WORK TO BE COMPLETED -
Every line below between the one holding "using Suc by simp" and the one holding "real n * L x +", inclusive, should be copied exactly, and no other line.

———

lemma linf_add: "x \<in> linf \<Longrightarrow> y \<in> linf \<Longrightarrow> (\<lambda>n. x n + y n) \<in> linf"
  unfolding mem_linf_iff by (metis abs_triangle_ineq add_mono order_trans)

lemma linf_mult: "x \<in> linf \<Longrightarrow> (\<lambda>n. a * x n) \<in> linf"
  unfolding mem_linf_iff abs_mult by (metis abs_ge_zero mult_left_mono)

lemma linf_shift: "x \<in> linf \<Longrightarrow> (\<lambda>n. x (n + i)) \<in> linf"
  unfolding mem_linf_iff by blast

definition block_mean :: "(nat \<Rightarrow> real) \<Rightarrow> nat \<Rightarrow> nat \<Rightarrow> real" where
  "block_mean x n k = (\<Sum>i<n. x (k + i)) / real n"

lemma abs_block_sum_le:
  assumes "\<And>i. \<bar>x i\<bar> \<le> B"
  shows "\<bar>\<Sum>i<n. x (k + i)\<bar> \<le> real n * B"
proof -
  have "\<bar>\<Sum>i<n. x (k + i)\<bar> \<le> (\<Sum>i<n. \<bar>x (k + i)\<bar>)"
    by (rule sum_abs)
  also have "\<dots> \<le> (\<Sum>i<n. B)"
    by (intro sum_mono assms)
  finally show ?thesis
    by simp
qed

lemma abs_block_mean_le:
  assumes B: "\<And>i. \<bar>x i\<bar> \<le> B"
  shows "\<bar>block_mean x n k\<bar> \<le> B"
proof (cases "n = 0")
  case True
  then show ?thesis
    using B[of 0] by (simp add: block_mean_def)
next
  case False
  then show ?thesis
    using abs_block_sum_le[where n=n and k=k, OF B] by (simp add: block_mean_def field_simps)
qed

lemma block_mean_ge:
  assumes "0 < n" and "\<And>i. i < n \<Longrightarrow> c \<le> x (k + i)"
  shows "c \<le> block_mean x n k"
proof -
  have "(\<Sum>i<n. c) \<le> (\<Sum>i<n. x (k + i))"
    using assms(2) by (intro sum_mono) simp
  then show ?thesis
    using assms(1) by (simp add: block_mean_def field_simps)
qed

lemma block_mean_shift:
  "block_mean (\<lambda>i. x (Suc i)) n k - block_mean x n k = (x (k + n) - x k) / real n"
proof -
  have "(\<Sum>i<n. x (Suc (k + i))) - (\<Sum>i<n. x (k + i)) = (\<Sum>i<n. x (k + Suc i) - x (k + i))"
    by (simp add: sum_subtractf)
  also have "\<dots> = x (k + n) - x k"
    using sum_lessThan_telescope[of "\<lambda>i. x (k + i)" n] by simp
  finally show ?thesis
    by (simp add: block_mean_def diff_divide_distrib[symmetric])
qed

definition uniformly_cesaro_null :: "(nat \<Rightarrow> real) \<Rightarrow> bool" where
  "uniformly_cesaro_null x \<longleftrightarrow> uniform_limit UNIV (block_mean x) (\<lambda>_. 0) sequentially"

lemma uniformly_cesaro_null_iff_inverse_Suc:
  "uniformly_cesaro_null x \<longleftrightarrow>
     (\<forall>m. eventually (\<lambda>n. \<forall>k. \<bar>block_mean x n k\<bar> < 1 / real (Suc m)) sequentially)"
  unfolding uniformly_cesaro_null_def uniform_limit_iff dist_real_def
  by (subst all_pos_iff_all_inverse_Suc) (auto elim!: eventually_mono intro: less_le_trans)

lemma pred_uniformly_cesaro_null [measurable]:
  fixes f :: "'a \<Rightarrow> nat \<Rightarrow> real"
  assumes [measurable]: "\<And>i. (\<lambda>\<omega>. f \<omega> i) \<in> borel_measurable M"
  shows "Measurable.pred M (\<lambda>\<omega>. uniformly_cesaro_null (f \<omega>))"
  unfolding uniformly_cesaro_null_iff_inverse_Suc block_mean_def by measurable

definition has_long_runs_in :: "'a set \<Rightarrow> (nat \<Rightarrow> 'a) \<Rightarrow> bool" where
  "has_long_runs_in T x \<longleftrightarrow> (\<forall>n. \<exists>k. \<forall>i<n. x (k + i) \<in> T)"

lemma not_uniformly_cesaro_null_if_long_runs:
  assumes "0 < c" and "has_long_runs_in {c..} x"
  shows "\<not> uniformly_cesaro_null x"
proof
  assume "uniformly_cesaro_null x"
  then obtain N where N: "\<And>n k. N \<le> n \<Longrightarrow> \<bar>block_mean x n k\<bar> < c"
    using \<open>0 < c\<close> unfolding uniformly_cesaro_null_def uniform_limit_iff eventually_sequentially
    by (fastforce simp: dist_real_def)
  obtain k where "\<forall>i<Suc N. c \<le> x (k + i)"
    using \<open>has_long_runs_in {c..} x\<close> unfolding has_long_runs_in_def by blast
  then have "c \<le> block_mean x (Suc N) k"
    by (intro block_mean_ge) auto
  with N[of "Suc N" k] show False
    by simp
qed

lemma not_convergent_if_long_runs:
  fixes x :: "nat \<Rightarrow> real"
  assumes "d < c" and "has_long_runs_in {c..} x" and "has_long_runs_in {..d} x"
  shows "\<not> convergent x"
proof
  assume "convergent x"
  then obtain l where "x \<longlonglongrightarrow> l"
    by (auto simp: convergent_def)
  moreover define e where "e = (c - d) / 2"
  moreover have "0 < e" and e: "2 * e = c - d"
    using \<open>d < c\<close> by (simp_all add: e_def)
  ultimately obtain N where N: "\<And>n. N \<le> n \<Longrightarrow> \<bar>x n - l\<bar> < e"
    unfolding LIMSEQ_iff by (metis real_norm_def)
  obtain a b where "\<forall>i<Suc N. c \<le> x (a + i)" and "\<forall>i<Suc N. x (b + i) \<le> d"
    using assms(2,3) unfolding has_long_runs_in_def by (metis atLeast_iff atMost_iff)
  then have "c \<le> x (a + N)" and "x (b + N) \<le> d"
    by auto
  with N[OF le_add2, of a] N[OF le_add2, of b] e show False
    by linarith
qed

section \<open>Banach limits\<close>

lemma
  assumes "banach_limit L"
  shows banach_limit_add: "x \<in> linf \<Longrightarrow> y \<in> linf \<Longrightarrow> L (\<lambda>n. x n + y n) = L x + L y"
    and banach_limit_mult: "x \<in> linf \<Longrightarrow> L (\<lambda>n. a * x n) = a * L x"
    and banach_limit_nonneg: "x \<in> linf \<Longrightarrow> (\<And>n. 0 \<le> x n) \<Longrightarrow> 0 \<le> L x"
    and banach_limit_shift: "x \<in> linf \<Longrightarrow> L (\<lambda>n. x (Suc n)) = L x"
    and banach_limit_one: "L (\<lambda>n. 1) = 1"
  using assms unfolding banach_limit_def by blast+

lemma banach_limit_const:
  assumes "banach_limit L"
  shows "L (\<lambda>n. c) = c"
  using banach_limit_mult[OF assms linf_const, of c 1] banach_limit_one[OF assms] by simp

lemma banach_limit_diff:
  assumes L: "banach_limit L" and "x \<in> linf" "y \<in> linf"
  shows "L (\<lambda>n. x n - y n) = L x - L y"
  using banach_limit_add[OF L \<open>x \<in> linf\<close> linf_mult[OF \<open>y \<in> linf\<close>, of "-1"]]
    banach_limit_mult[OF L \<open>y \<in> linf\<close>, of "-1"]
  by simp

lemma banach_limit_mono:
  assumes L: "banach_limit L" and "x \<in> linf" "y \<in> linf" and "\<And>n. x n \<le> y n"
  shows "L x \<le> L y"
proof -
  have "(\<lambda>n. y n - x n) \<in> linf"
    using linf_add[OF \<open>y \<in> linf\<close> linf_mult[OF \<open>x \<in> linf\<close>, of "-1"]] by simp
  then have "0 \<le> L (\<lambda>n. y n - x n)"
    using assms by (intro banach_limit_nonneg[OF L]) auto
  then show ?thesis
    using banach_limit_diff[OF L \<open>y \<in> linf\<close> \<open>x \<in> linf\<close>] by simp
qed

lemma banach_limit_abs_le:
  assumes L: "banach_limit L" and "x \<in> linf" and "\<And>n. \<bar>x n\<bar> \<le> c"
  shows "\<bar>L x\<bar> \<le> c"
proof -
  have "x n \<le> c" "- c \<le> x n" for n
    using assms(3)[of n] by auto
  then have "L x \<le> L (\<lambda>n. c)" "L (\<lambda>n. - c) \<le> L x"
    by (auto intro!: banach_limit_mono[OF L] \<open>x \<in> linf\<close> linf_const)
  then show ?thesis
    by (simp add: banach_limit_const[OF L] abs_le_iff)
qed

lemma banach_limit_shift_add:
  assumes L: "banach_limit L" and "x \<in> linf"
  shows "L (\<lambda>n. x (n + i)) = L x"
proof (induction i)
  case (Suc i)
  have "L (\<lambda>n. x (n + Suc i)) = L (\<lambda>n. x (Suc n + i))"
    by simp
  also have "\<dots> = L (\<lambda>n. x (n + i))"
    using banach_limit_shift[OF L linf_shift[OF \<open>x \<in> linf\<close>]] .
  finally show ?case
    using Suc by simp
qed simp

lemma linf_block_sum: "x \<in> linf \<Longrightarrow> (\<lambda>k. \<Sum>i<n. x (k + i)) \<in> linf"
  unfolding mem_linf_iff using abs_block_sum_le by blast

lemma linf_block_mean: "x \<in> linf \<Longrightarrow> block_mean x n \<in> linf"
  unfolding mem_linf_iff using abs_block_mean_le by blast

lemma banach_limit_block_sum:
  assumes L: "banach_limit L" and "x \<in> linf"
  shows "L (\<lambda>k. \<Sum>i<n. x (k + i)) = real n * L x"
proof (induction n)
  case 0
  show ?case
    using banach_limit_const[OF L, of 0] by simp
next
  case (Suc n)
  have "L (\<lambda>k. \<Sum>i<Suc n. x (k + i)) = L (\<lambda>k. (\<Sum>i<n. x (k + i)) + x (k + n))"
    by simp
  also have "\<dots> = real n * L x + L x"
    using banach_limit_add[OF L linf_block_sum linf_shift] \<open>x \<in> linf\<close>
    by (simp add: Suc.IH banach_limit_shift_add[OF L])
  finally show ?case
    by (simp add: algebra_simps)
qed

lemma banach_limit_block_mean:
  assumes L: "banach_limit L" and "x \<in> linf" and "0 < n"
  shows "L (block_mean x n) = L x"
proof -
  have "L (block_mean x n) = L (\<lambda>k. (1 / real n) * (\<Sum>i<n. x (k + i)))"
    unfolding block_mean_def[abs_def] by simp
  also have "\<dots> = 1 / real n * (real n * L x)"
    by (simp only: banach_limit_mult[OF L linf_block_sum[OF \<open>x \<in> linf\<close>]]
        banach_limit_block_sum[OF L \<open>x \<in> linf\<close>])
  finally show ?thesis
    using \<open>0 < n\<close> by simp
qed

———

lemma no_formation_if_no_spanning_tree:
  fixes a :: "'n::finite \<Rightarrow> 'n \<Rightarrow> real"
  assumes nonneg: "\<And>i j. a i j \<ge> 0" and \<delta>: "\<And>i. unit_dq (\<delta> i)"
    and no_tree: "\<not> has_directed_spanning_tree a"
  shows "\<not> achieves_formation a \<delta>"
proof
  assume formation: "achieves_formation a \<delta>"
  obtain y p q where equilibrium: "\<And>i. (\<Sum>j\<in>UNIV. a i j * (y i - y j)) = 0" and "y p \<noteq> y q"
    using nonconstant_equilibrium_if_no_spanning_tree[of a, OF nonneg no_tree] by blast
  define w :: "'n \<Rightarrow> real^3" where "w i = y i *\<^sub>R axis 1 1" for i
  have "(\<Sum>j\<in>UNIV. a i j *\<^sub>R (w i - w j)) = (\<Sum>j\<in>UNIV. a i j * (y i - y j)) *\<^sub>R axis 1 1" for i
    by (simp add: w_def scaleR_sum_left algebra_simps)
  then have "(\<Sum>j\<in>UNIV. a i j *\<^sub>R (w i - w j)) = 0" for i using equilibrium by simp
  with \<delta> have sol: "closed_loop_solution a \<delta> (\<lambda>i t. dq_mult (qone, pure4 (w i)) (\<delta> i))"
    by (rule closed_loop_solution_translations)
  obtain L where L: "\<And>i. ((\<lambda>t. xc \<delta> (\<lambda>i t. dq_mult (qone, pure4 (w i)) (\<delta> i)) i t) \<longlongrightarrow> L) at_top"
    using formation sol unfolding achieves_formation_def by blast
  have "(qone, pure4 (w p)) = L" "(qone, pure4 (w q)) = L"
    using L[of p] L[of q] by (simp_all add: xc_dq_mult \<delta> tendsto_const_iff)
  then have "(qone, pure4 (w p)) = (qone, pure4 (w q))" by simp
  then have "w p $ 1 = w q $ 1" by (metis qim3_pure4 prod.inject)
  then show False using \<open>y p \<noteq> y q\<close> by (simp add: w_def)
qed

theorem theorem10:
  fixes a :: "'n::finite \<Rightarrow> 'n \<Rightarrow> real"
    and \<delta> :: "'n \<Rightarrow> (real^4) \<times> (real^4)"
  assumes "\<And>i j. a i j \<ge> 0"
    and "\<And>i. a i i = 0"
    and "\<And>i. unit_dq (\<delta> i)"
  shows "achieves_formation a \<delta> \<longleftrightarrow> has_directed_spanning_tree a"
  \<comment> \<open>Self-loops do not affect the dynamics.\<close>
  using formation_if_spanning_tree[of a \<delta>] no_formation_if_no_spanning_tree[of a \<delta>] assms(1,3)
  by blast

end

———

TASK RESULT -
    using Suc by simp
qed simp

lemma linf_block_sum: "x \<in> linf \<Longrightarrow> (\<lambda>k. \<Sum>i<n. x (k + i)) \<in> linf"
  unfolding mem_linf_iff using abs_block_sum_le by blast

lemma linf_block_mean: "x \<in> linf \<Longrightarrow> block_mean x n \<in> linf"
  unfolding mem_linf_iff using abs_block_mean_le by blast

lemma banach_limit_block_sum:
  assumes L: "banach_limit L" and "x \<in> linf"
  shows "L (\<lambda>k. \<Sum>i<n. x (k + i)) = real n * L x"
proof (induction n)
  case 0
  show ?case
    using banach_limit_const[OF L, of 0] by simp
next
  case (Suc n)
  have "L (\<lambda>k. \<Sum>i<Suc n. x (k + i)) = L (\<lambda>k. (\<Sum>i<n. x (k + i)) + x (k + n))"
    by simp
  also have "\<dots> = real n * L x + L x"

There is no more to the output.